Posted: Sun Jan 13, 2008 12:12 pm
I've been a member since 11/07 and haven't really been doing the program regularly recently. I've gotten stuck on week 3. I haven't written any of my negative thoughts down but I have made mental notes of them and rephrased them into sorta positive thoughts.
I am a financial accountant at a fast growing residential construction company. (In MI right now, that's a huge deal since we're heading for a recession in MI.) Anyway, I'm a perfectionist which doesn't help this time of year. I am trying to finalize 12/07 financial statements and prepare for our annual CPA audit. I really hate this time of year. I put in alot of OT, which I resent, and I really dread going in to and just the thought of going in to work any more. I'm only 41 years old and I feel like I'm starting my mid life crisis. I've only done accounting and it's come to be very boring and non-challenging for me. I want to do something fun but have the personality where I'm afraid to do something different and stick my foot in to unknown territory.
Most people say I'm not a normal accountant. I actually have a creative/artistic side. Most number people don't have this.
I watch QVC all the time and the hosts always act like they really enjoy what they do. I've checked out job posting online there to see if anything interests me, but nothing so far. I think it'd be fun to hang out around the "girls" and just be a gopher for behind the scenes things. Then, the scared side of me comes out and says there's no way I'm going to uproot my life for something uncertain when all my family is here in town with me. I lack self confidence. Yes, I know this program is suppose to help with this, but it's very difficult to overcome childhood issues.

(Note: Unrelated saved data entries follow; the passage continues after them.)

lemma deriv_omega_1: "deriv (omega 1) = (\<lambda>_. 1)"
  unfolding omega_def[abs_def] by (intro ext DERIV_imp_deriv) (auto intro!: derivative_eq_intros)

lemma deriv2_omega_Suc:
  assumes "j \<ge> 1"
  shows "deriv (deriv (omega (Suc j))) = (\<lambda>x. real j ^ 2 * (exp x * omega j x))"
proof
  fix x
  define a where "a = a_seq (Suc j)"
  have "deriv (omega (Suc j)) = (\<lambda>x. (1 + real j * (x - a)) * exp (real j * x))"
    unfolding omega_def[abs_def] a_def
    by (intro ext DERIV_imp_deriv) (auto intro!: derivative_eq_intros simp: algebra_simps)
  moreover have "deriv (\<lambda>x. (1 + real j * (x - a)) * exp (real j * x))
      = (\<lambda>x. (2 * real j + real j ^ 2 * (x - a)) * exp (real j * x))"
    by (intro ext DERIV_imp_deriv)
      (auto intro!: derivative_eq_intros simp: algebra_simps power2_eq_square)
  moreover have "real j * a = real j * a_seq j + 2"
    using assms by (cases j) (simp_all add: a_def field_simps)
  then have "2 * real j + real j ^ 2 * (x - a) = real j ^ 2 * (x - a_seq j)"
    by (simp add: power2_eq_square algebra_simps)
  moreover have "exp x * omega j x = (x - a_seq j) * exp (real j * x)"
    unfolding omega_def by (simp add: mult.left_commute flip: exp_add) (simp add: algebra_simps)
  ultimately show "deriv (deriv (omega (Suc j))) x = real j ^ 2 * (exp x * omega j x)"
    by simp
qed

lemma wronskian_omega_insert_one:
  assumes "p \<le> Suc m"
  shows "wronskian (m + 2)
      (\<lambda>j. if j \<le> p then omega j else if j = Suc p then (\<lambda>_. 1) else omega (j - 1)) x
    = (- 1) ^ p * fact m ^ 2 * exp (real m * x) * wronskian m omega x"
proof -
  let ?h = "\<lambda>j. if j \<le> p then omega j else if j = Suc p then (\<lambda>_. 1) else omega (j - 1)"
  let ?h' = "\<lambda>j. deriv (?h (if j \<le> p then j else Suc j))"
  have "wronskian (Suc (Suc m)) ?h x = (- 1) ^ p * 1 * wronskian (Suc m) ?h' x"
    by (rule wronskian_const_column) (use assms in auto)
  also have "wronskian (Suc m) ?h' = wronskian (Suc m) (\<lambda>j. deriv (omega j))"
    by (rule wronskian_cong) auto
  also have "wronskian (Suc m) (\<lambda>j. deriv (omega j)) x
      = (- 1) ^ 0 * 1 * wronskian m (\<lambda>j. deriv (deriv (omega (if j \<le> 0 then j else Suc j)))) x"
    by (rule wronskian_const_column) (simp_all add: deriv_omega_1 flip: One_nat_def)
  also have "wronskian m (\<lambda>j. deriv (deriv (omega (if j \<le> 0 then j else Suc j))))
      = wronskian m (\<lambda>j x. real j ^ 2 * (exp x * omega j x))"
    by (rule wronskian_cong) (simp add: deriv2_omega_Suc)
  also have "wronskian m (\<lambda>j x. real j ^ 2 * (exp x * omega j x)) x
      = (\<Prod>j = 1..m. real j ^ 2) * (exp x ^ m * wronskian m omega x)"
    by (simp add: wronskian_scale wronskian_mult smooth_mult smooth_exp smooth_omega)
  also have "(\<Prod>j = 1..m. real j ^ 2) = fact m ^ 2"
    by (simp add: fact_prod prod_power_distrib)
  finally show ?thesis
    by (simp add: exp_of_nat_mult)
qed

lemma wronskian_omega_recurrence:
  "wronskian n omega x * deriv (wronskian (n + 2) omega) x
   - deriv (wronskian n omega) x * wronskian (n + 2) omega x
   - real n * wronskian n omega x * wronskian (n + 2) omega x
   = (real n + 1) ^ 2 * exp x * wronskian (n + 1) omega x ^ 2"
proof -
  define h where "h j = (if j \<le> Suc n then omega j
      else if j = Suc (Suc n) then (\<lambda>_. 1) else omega (j - 1))" for j
  define sign where "sign = (- 1 :: real) ^ Suc n"
  define K where "K = sign * fact n ^ 2 * exp (real n * x)"
  have smooth_h: "smooth (h j)" for j
    by (simp add: h_def smooth_omega smooth_const)
  have "wronskian (Suc n + 2) h x
      = sign * fact (Suc n) ^ 2 * exp (real (Suc n) * x) * wronskian (Suc n) omega x"
    unfolding h_def sign_def by (rule wronskian_omega_insert_one) simp
  moreover have "wronskian (n + 2) h = (\<lambda>y. sign * fact n ^ 2 * exp (real n * y) * wronskian n omega y)"
    unfolding h_def sign_def by (intro ext wronskian_omega_insert_one) simp
  moreover have "wronskian (Suc n) h = wronskian (Suc n) omega"
    by (rule wronskian_cong) (simp add: h_def)
  moreover have "wronskian (n + 2) (h(Suc (Suc n) := h (Suc n + 2))) = wronskian (n + 2) omega"
    by (rule wronskian_cong) (simp add: h_def)
  moreover have "deriv (\<lambda>y. sign * fact n ^ 2 * exp (real n * y) * wronskian n omega y) x
      = K * (real n * wronskian n omega x + deriv (wronskian n omega) x)"
    using differentiable_wronskian[of omega n x, OF smooth_omega] unfolding K_def
    by (intro DERIV_imp_deriv)
      (auto intro!: derivative_eq_intros simp: DERIV_deriv_iff_real_differentiable algebra_simps)
  ultimately have "K * ((real n + 1) ^ 2 * exp x * wronskian (n + 1) omega x ^ 2)
      = K * (wronskian n omega x * deriv (wronskian (n + 2) omega) x
         - deriv (wronskian n omega) x * wronskian (n + 2) omega x
         - real n * wronskian n omega x * wronskian (n + 2) omega x)"
    using wronskian_jacobi[of h "Suc n" x, OF smooth_h] unfolding K_def
    by (simp add: exp_add algebra_simps power2_eq_square)
  moreover have "K \<noteq> 0"
    by (simp add: K_def sign_def)
  ultimately show ?thesis
    by simp
qed

lemma c_const_Suc: "c_const (Suc n) = c_const n / fact n"
proof -
  have inner: "(\<Prod>i\<in>{1..<j}. real (j - i)) = fact (j - 1)" for j
  proof -
    have "(\<Prod>i\<in>{1..<j}. real (j - i)) = (\<Prod>t\<in>{1..j - 1}. real t)"
      by (rule prod.reindex_bij_witness[of _ "\<lambda>t. j - t" "\<lambda>i. j - i"]) auto
    then show ?thesis
      by (simp add: fact_prod)
  qed
  have c_const_Suc_eq: "c_const (Suc m) = inverse (fact m * (\<Prod>j = 1..m. fact (j - 1)))" for m
    unfolding c_const_def inner by simp
  show ?thesis
  proof (cases n)
    case 0
    then show ?thesis
      by (simp add: c_const_def)
  next
    case (Suc m)
    then show ?thesis
      by (simp add: c_const_Suc_eq prod.cl_ivl_Suc inverse_eq_divide)
  qed
qed

definition P_weight :: "nat \<Rightarrow> real \<Rightarrow> real" where
  "P_weight m x = c_const m * exp (- (real m * (real m - 1) / 2) * x)"

lemma P_eq_weight: "P m x = P_weight m x * wronskian m omega x"
  by (simp add: P_def P_weight_def)

lemma deriv_P:
  "deriv (P m) x
    = P_weight m x * (deriv (wronskian m omega) x - real m * (real m - 1) / 2 * wronskian m omega x)"
proof -
  define a where "a = real m * (real m - 1) / 2"
  have "(wronskian m omega has_real_derivative deriv (wronskian m omega) x) (at x)"
    using differentiable_wronskian[of omega m x, OF smooth_omega]
    by (simp add: DERIV_deriv_iff_real_differentiable)
  then have "(P m has_real_derivative c_const m * exp (- a * x)
      * (deriv (wronskian m omega) x - a * wronskian m omega x)) (at x)"
    unfolding P_def[abs_def] a_def[symmetric]
    by (auto intro!: derivative_eq_intros simp: algebra_simps)
  then show ?thesis
    unfolding P_weight_def a_def by (rule DERIV_imp_deriv)
qed

lemma P_weight_square:
  "real (n + 1) * P_weight (n + 1) x ^ 2 = (real n + 1) ^ 2 * exp x * P_weight n x * P_weight (n + 2) x"
proof -
  define e where "e m = exp (- (real m * (real m - 1) / 2) * x)" for m
  have e: "e (n + 1) ^ 2 = exp x * e n * e (n + 2)"
    unfolding e_def by (simp add: power2_eq_square flip: exp_add) (simp add: field_simps)
  have "c_const n = fact n * c_const (n + 1)"
    by (simp add: c_const_Suc)
  moreover have "c_const (n + 1) = fact (n + 1) * c_const (n + 2)"
    using c_const_Suc[of "n + 1"] by (simp del: fact_Suc)
  ultimately have "c_const (n + 1) ^ 2 = (real n + 1) * c_const n * c_const (n + 2)"
    by (simp add: power2_eq_square algebra_simps)
  then show ?thesis
    unfolding P_weight_def e_def[symmetric] power_mult_distrib e
    by (simp add: power2_eq_square algebra_simps)
qed
lemma sums_harm_odd_div_power:
  "(\<lambda>n. harm (2*n+1) / real (2*n+1)^(2*b+2)) sums
    ((real b + 3/2) * dlambda (real (2*b+3))
      - (\<Sum>l=1..b. zeta (real (2*b+3-2*l)) * dlambda (real (2*l))))"
proof -
  define L where "L = dlambda (real (2*b+3))"
  define V where "V = (\<lambda>k::nat. (real b + 5/4) / real k^(2*b+3)
    - (\<Sum>l=1..b. zeta (real (2*b+3-2*l)) / real k^(2*l)) - harm k / real k^(2*b+2))"
  have row_sums: "(\<lambda>j. -(1/4) * (if odd (j+1) then 1 / real (j+1)^(2*b+3) else 0)) sums (-(1/4) * L)"
    unfolding L_def by (intro sums_mult sums_dlambda_odd) simp
  have rows: "(\<lambda>i. 1 / ((real (j+1)^2 - real (2*i+1)^2) * real (j+1)^(2*b+1))) sums
      (-(1/4) * (if odd (j+1) then 1 / real (j+1)^(2*b+3) else 0))" for j
  proof -
    have "(if odd (j+1) then -1 / (4 * real (j+1)^2) else 0) / real (j+1)^(2*b+1) =
        -(1/4) * (if odd (j+1) then 1 / real (j+1)^(2*b+3) else 0)"
      by (simp add: power_add eval_nat_numeral)
    then show ?thesis
      using sums_divide[OF sums_inverse_sq_diff_odd[of "j+1"], of "real (j+1)^(2*b+1)"]
      unfolding divide_divide_eq_left by simp
  qed
  have cols: "(\<lambda>j. 1 / ((real (j+1)^2 - real (2*i+1)^2) * real (j+1)^(2*b+1))) sums V (2*i+1)" for i
    unfolding V_def by (rule sums_inverse_sq_diff_mult_power) simp
  have "(\<lambda>i. V (2*i+1)) sums (-(1/4) * L)"
    using summable_on_inverse_sq_diff_odd_pairs[of "2*b+1"] rows row_sums cols
    by (rule sums_swap_of_summable_on) simp
  moreover have "(\<lambda>i. (real b + 5/4) / real (2*i+1)^(2*b+3)) sums ((real b + 5/4) * L)"
    unfolding L_def using sums_mult[OF sums_dlambda[of "2*b+3"], of "real b + 5/4"] by simp
  moreover have "(\<lambda>i. \<Sum>l=1..b. zeta (real (2*b+3-2*l)) * (1 / real (2*i+1)^(2*l))) sums
      (\<Sum>l=1..b. zeta (real (2*b+3-2*l)) * dlambda (real (2*l)))"
    by (intro sums_sum sums_mult sums_dlambda) auto
  ultimately have "(\<lambda>i. (real b + 5/4) / real (2*i+1)^(2*b+3)
      - (\<Sum>l=1..b. zeta (real (2*b+3-2*l)) * (1 / real (2*i+1)^(2*l))) - V (2*i+1)) sums
      ((real b + 5/4) * L - (\<Sum>l=1..b. zeta (real (2*b+3-2*l)) * dlambda (real (2*l))) - (-(1/4) * L))"
    by (intro sums_diff)
  then show ?thesis
    by (simp add: V_def L_def algebra_simps)
qed

theorem mainTheorem15:
  fixes a :: nat
  assumes "a \<ge> 1"
  shows "(\<lambda>n. harm (2*n+1) / (real (2*n+1)) ^ (2*a)) sums
           ((2 * real a + 1) / 2 * dlambda (2 * real a + 1)
            - (\<Sum>j=1..a-1. zeta (real (2*a+1-2*j)) * dlambda (real (2*j))))"
proof -
  obtain b where a: "a = Suc b"
    using assms by (cases a) auto
  have "(2 * real a + 1) / 2 = real b + 3/2" "2 * real a + 1 = real (2*b+3)" "a - 1 = b"
    "2*a+1 = 2*b+3" "2*a = 2*b+2"
    by (simp_all add: a)
  then show ?thesis
    using sums_harm_odd_div_power[of b] by (simp only:)
qed

end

Today was a rough day. I had to go into work, which I resented. I had pains in my arms off and on along with an upset stomach, blah, blah, blah. I know it's all anxiety and I need to work through it all, but I'm tired of it all. I don't want to kill myself or anyone around me, but I do want to get out of town/state for a LONG vacation. Unfortunatley, I can't do this until after 3/20/08. This is too far away and I don't know what to do to get through til this time.
I don't want to do anything. I know I should go downstairs and exercise, but the last time I did this, I had weird chest feelings and I stopped because I was thinking I was going to have a heart attack. Calgon take me away doesn't work because my tub is too short for me. I know, I'm feeling the normal MI winter blues, since I don't like snow, but I have 3 months to go. Yesterday was a good day because we actually had sunshine for 3/4th's of the day. We don't normally see that this time of year.
Anyway, so to ramble on. I just had to get this off my chest and see if anyone wanted to chat. I'v tried to access he chat room portion of this website, but it doesn't seem to work for me. I think when I want to chat, it's past the chat hours.
Ann
I am a financial accountant at a fast growing residential construction company. (In MI right now, that's a huge deal since we're heading for a recession in MI.) Anyway, I'm a perfectionist which doesn't help this time of year. I am trying to finalize 12/07 financial statements and prepare for our annual CPA audit. I really hate this time of year. I put in alot of OT, which I resent, and I really dread going in to and just the thought of going in to work any more. I'm only 41 years old and I feel like I'm starting my mid life crisis. I've only done accounting and it's come to be very boring and non-challenging for me. I want to do something fun but have the personality where I'm afraid to do something different and stick my foot in to unknown territory.
Most people say I'm not a normal accountant. I actually have a creative/artistic side. Most number people don't have this.
I watch QVC all the time and the hosts always act like they really enjoy what they do. I've checked out job posting online there to see if anything interests me, but nothing so far. I think it'd be fun to hang out around the "girls" and just be a gopher for behind the scenes things. Then, the scared side of me comes out and says there's no way I'm going to uproot my life for something uncertain when all my family is here in town with me. I lack self confidence. Yes, I know this program is suppose to help with this, but it's very difficult to overcome childhood issues.
Today was a rough day. I had to go into work, which I resented. I had pains in my arms off and on along with an upset stomach, blah, blah, blah. I know it's all anxiety and I need to work through it all, but I'm tired of it all. I don't want to kill myself or anyone around me, but I do want to get out of town/state for a LONG vacation. Unfortunatley, I can't do this until after 3/20/08. This is too far away and I don't know what to do to get through til this time.
I don't want to do anything. I know I should go downstairs and exercise, but the last time I did this, I had weird chest feelings and I stopped because I was thinking I was going to have a heart attack. Calgon take me away doesn't work because my tub is too short for me. I know, I'm feeling the normal MI winter blues, since I don't like snow, but I have 3 months to go. Yesterday was a good day because we actually had sunshine for 3/4th's of the day. We don't normally see that this time of year.
Anyway, so to ramble on. I just had to get this off my chest and see if anyone wanted to chat. I'v tried to access he chat room portion of this website, but it doesn't seem to work for me. I think when I want to chat, it's past the chat hours.